Information
(* Let $a,b,\alpha_1,\beta_1,\alpha_2,\beta_2\in\mathbb C$ and let $p,k\ge0$ be integers. Let $\mathbf F(x,y)=\prod_{j=0}^{p-1}(\alpha_1x+j-y+\beta_1)(\alpha_2x+j-y+\beta_2)$. Then the coefficient of $x^{2p}$ in the polynomial $\widetilde{\mathcal T}_k^{a,b}[(\mathbf F(x,i))_{i}]$ does not depend on $\beta_1,\beta_2$, and equals $$\sum_{j=0}^k\frac{k!}{(k-j)!}\sum_{i=0}^{p}\binom{p}{i}\binom{p}{2p-j-i}\alpha_1^i\alpha_2^{2p-i-j}\prod_{r=0}^{k-j-1}(a-b+j+r).$$
   Context: For integers $0\le i\le k$, $P_i^k(x;a,b):=\prod_{j=0}^{k-i-1}(x+j+a)\prod_{j=0}^{i-1}(x-j+b)$. For a sequence of polynomials $(a_i(x))_{i\ge0}$, $\widetilde{\mathcal T}_k^{a,b}[(a_i(x))_i]:=(-1)^k\sum_{i=0}^k(-1)^{k-i}\binom{k}{i}P_i^k(x;a,b)\,a_i(x)$. Binomial coefficients $\binom{p}{m}$ are $0$ for $m<0$ or $m>p$. *)

theory Defs
  imports Complex_Main "HOL-Computational_Algebra.Polynomial"
begin

definition P_poly :: "nat \<Rightarrow> nat \<Rightarrow> complex \<Rightarrow> complex \<Rightarrow> complex poly" where
  "P_poly i k a b = (\<Prod>j<k-i. [: of_nat j + a, 1 :]) * (\<Prod>j<i. [: b - of_nat j, 1 :])"

definition T_tilde :: "nat \<Rightarrow> complex \<Rightarrow> complex \<Rightarrow> (nat \<Rightarrow> complex poly) \<Rightarrow> complex poly" where
  "T_tilde k a b A = smult ((-1) ^ k)
     (\<Sum>i=0..k. smult ((-1) ^ (k - i) * of_nat (k choose i)) (P_poly i k a b * A i))"

definition F_poly :: "complex \<Rightarrow> complex \<Rightarrow> complex \<Rightarrow> complex \<Rightarrow> nat \<Rightarrow> complex \<Rightarrow> complex poly" where
  "F_poly \<alpha>1 \<beta>1 \<alpha>2 \<beta>2 p y =
     (\<Prod>j<p. [: of_nat j - y + \<beta>1, \<alpha>1 :] * [: of_nat j - y + \<beta>2, \<alpha>2 :])"

end

theory Submission
  imports Defs
begin

text \<open>
  Expand F(x, i) in the binomial basis (i choose t): the coefficient g_t(x) has degree at most
  2p - t, and its coefficient of x^(2p-t) is determined by the leading form
  (\<alpha>1 x - i)^p (\<alpha>2 x - i)^p of F, so it does not involve \<beta>1, \<beta>2. By the Vandermonde
  identity for rising factorials, the operator T_k sends (i choose t) g to a constant times a
  monic polynomial of degree t times g; hence the coefficient of x^(2p) sees only these top
  coefficients.
\<close>

lemma of_nat_diff_times_binomial:
  "(of_nat n - of_nat k) * of_nat (n choose k) = (of_nat (Suc k) * of_nat (n choose Suc k) :: 'a::comm_ring_1)"
proof (cases "k \<le> n")
  case True
  then show ?thesis
    by (metis binomial_absorb_comp binomial_absorption of_nat_diff of_nat_mult)
next
  case False
  then show ?thesis
    by (simp add: binomial_eq_0)
qed

lemma sum_binomial_mult_binomial_pochhammer:
  fixes u v :: "'a::comm_ring_1"
  shows "(\<Sum>i\<le>k. of_nat (k choose i) * of_nat (i choose m) * pochhammer u (k - i) * pochhammer v i) =
    of_nat (k choose m) * pochhammer v m * pochhammer (u + v + of_nat m) (k - m)"
proof (cases "m \<le> k")
  case True
  define n where "n = k - m"
  have k: "k = n + m"
    using True by (simp add: n_def)
  have "(\<Sum>i\<le>k. of_nat (k choose i) * of_nat (i choose m) * pochhammer u (k - i) * pochhammer v i) =
      (\<Sum>i=0+m..n+m. of_nat (k choose i) * of_nat (i choose m) * pochhammer u (k - i) * pochhammer v i)"
    by (rule sum.mono_neutral_right) (auto simp: k not_le binomial_eq_0)
  also have "\<dots> = (\<Sum>s=0..n. of_nat (k choose m) * pochhammer v m *
      (of_nat (n choose s) * pochhammer (v + of_nat m) s * pochhammer u (n - s)))"
  proof (rule trans[OF sum.shift_bounds_cl_nat_ivl sum.cong])
    fix s assume "s \<in> {0..n}"
    then have "(k choose (s + m)) * ((s + m) choose m) = (k choose m) * (n choose s)"
      using choose_mult[of m "s + m" k] by (simp add: k)
    then have "of_nat (k choose (s + m)) * of_nat ((s + m) choose m) = (of_nat (k choose m) * of_nat (n choose s) :: 'a)"
      by (metis of_nat_mult)
    moreover have "pochhammer v (s + m) = pochhammer v m * pochhammer (v + of_nat m) s"
      by (simp only: add.commute[of s] pochhammer_product')
    moreover have "k - (s + m) = n - s"
      by (simp add: k)
    ultimately show "of_nat (k choose (s + m)) * of_nat ((s + m) choose m) * pochhammer u (k - (s + m)) * pochhammer v (s + m) =
        of_nat (k choose m) * pochhammer v m * (of_nat (n choose s) * pochhammer (v + of_nat m) s * pochhammer u (n - s))"
      by (simp add: algebra_simps)
  qed simp
  also have "\<dots> = of_nat (k choose m) * pochhammer v m * pochhammer (v + of_nat m + u) n"
    by (simp add: pochhammer_binomial_sum atLeast0AtMost sum_distrib_left)
  finally show ?thesis
    by (simp add: n_def algebra_simps)
next
  case False
  then show ?thesis
    by (simp add: binomial_eq_0)
qed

Task to complete
In the listing, return each line containing the string "imports".

Task response
  imports Complex_Main "HOL-Computational_Algebra.Polynomial"
  imports Defs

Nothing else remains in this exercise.